Problem statement → Return the lines below that contain "assumes".

BEGIN Data provided

lemma dist_eq_1: assumes "x \<in> V" "y \<in> V" "d x y = 1" shows "E x y"
proof -
  obtain xs where xs: "walk E xs" "hd xs = x" "last xs = y" "length xs = Suc (Suc 0)"
    using shortest_walk_exists assms by fastforce
  then obtain u v where "xs = [u, v]"
    by (auto simp: length_Suc_conv)
  then show ?thesis using xs by (simp add: walk_iff_successively)
qed

lemma dist_edge: assumes "E a b" shows "d a b = 1"
proof -
  have "walk E [a, b]" using assms by (simp add: walk_iff_successively)
  then have "d a b \<le> 1" using dist_le_walk[of "[a, b]" a b] by simp
  moreover have "d a b \<noteq> 0"
    using dist_eq_0 edge_in_V edge_irrefl assms by blast
  ultimately show ?thesis by simp
qed

lemma dist_edge_le: "E a b \<Longrightarrow> z \<in> V \<Longrightarrow> d z a \<le> d z b + 1"
  using dist_triangle[of z b a] dist_edge[of b a] edge_sym edge_in_V by fastforce

lemma dist_Suc_neighbour:
  assumes "x \<in> V" "y \<in> V" "d x y = Suc n"
  shows "\<exists>z. E x z \<and> d z y = n"
proof -
  obtain xs where xs: "walk E xs" "hd xs = x" "last xs = y" "length xs = Suc (Suc n)"
    using shortest_walk_exists[OF assms(1,2)] assms(3) by auto
  then obtain z zs where xs_eq: "xs = x # z # zs"
    by (auto simp: length_Suc_conv)
  then have xz: "E x z" and "walk E (z # zs)"
    using xs(1) by (simp_all add: walk_iff_successively)
  then have "d z y \<le> n"
    using dist_le_walk[of "z # zs" z y] xs xs_eq by simp
  moreover have "d x y \<le> d x z + d z y"
    using dist_triangle edge_in_V xz assms by blast
  ultimately show ?thesis
    using xz dist_edge assms by (intro exI[of _ z]) auto
qed

lemma dist_neq_across_edge: assumes "E a b" "z \<in> V" shows "d z a \<noteq> d z b"
proof
  assume eq: "d z a = d z b"
  have V: "a \<in> V" "b \<in> V" using edge_in_V assms by auto
  obtain m where m: "m \<in> V" "d z m + d m a = d z a" "d a m + d m b = d a b" "d z m + d m b = d z b"
    using median_exists[OF assms(2) V] by blast
  then have "d a m = 0 \<or> d m b = 0"
    using dist_edge[OF assms(1)] by linarith
  then have "m = a \<or> m = b"
    using dist_eq_0 V m(1) by metis
  then show False
    using m eq dist_refl dist_edge[OF assms(1)] dist_sym V by auto
qed

section \<open>Halfspaces and hyperplanes\<close>

lemma mem_halfspace: "z \<in> W a b \<longleftrightarrow> z \<in> V \<and> d z a < d z b"
  by (simp add: halfspace_def)

lemma halfspace_subset: "W a b \<subseteq> V"
  by (auto simp: halfspace_def)

lemma halfspace_self: "E a b \<Longrightarrow> a \<in> W a b"
  using edge_in_V dist_refl dist_edge by (simp add: mem_halfspace)

lemma halfspace_compl: assumes "E a b" shows "V - W a b = W b a"
proof -
  have "\<not> d z a < d z b \<longleftrightarrow> d z b < d z a" if "z \<in> V" for z
    using dist_neq_across_edge[OF assms that] by linarith
  then show ?thesis by (auto simp: mem_halfspace)
qed

lemma square_halfspace_subset:
  assumes e: "E p q" "E p p'" "E q q'" "E p' q'" and diag: "p \<noteq> q'" "q \<noteq> p'"
    and z: "z \<in> W p q"
  shows "z \<in> W p' q'"
proof (rule ccontr)
  assume nz: "z \<notin> W p' q'"
  have V: "p \<in> V" "q \<in> V" "p' \<in> V" "q' \<in> V" using e edge_in_V by auto
  have zV: "z \<in> V" and zpq: "d z p < d z q" using z mem_halfspace by auto
  have zq: "d z q = d z p + 1"
    using dist_edge_le[OF edge_sym[OF e(1)] zV] zpq by linarith
  have "d z q' < d z p'"
    using nz zV dist_neq_across_edge[OF e(4) zV] by (auto simp: mem_halfspace)
  then have zp': "d z p' = d z p + 1" and zq': "d z q' = d z p"
    using dist_edge_le[OF edge_sym[OF e(2)] zV] dist_edge_le[OF e(3) zV] zq by linarith+
  have d1: "d p q = 1" "d q p = 1" "d p p' = 1" "d p' p = 1"
    "d q q' = 1" "d q' q = 1" "d p' q' = 1" "d q' p' = 1"
    using dist_edge edge_sym e by blast+
  have "d q p' \<le> d q p + d p p'" using dist_triangle V by blast
  moreover have "d q p' \<noteq> 0" using dist_eq_0 V diag by blast
  moreover have "d q p' \<noteq> 1"
    using dist_eq_1[OF V(2,3)] dist_neq_across_edge[OF _ zV, of q p'] zq zp' by auto
  ultimately have qp': "d q p' = 2" using d1 by linarith
  \<comment> \<open>both p and q' are medians of q, p' and z\<close>
  have "p = q'"
    by (rule median_unique[of q p' z p q'])
      (use V zV d1 qp' zq zp' zq' dist_sym[OF V(1) zV] dist_sym[OF V(4) zV]
        dist_sym[OF V(2) zV] dist_sym[OF V(3) zV] in simp_all)
  then show False using diag by simp
qed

END Data provided

Answer box →
lemma dist_eq_1: assumes "x \<in> V" "y \<in> V" "d x y = 1" shows "E x y"
lemma dist_edge: assumes "E a b" shows "d a b = 1"
  assumes "x \<in> V" "y \<in> V" "d x y = Suc n"
lemma dist_neq_across_edge: assumes "E a b" "z \<in> V" shows "d z a \<noteq> d z b"
lemma halfspace_compl: assumes "E a b" shows "V - W a b = W b a"
  assumes e: "E p q" "E p p'" "E q q'" "E p' q'" and diag: "p \<noteq> q'" "q \<noteq> p'"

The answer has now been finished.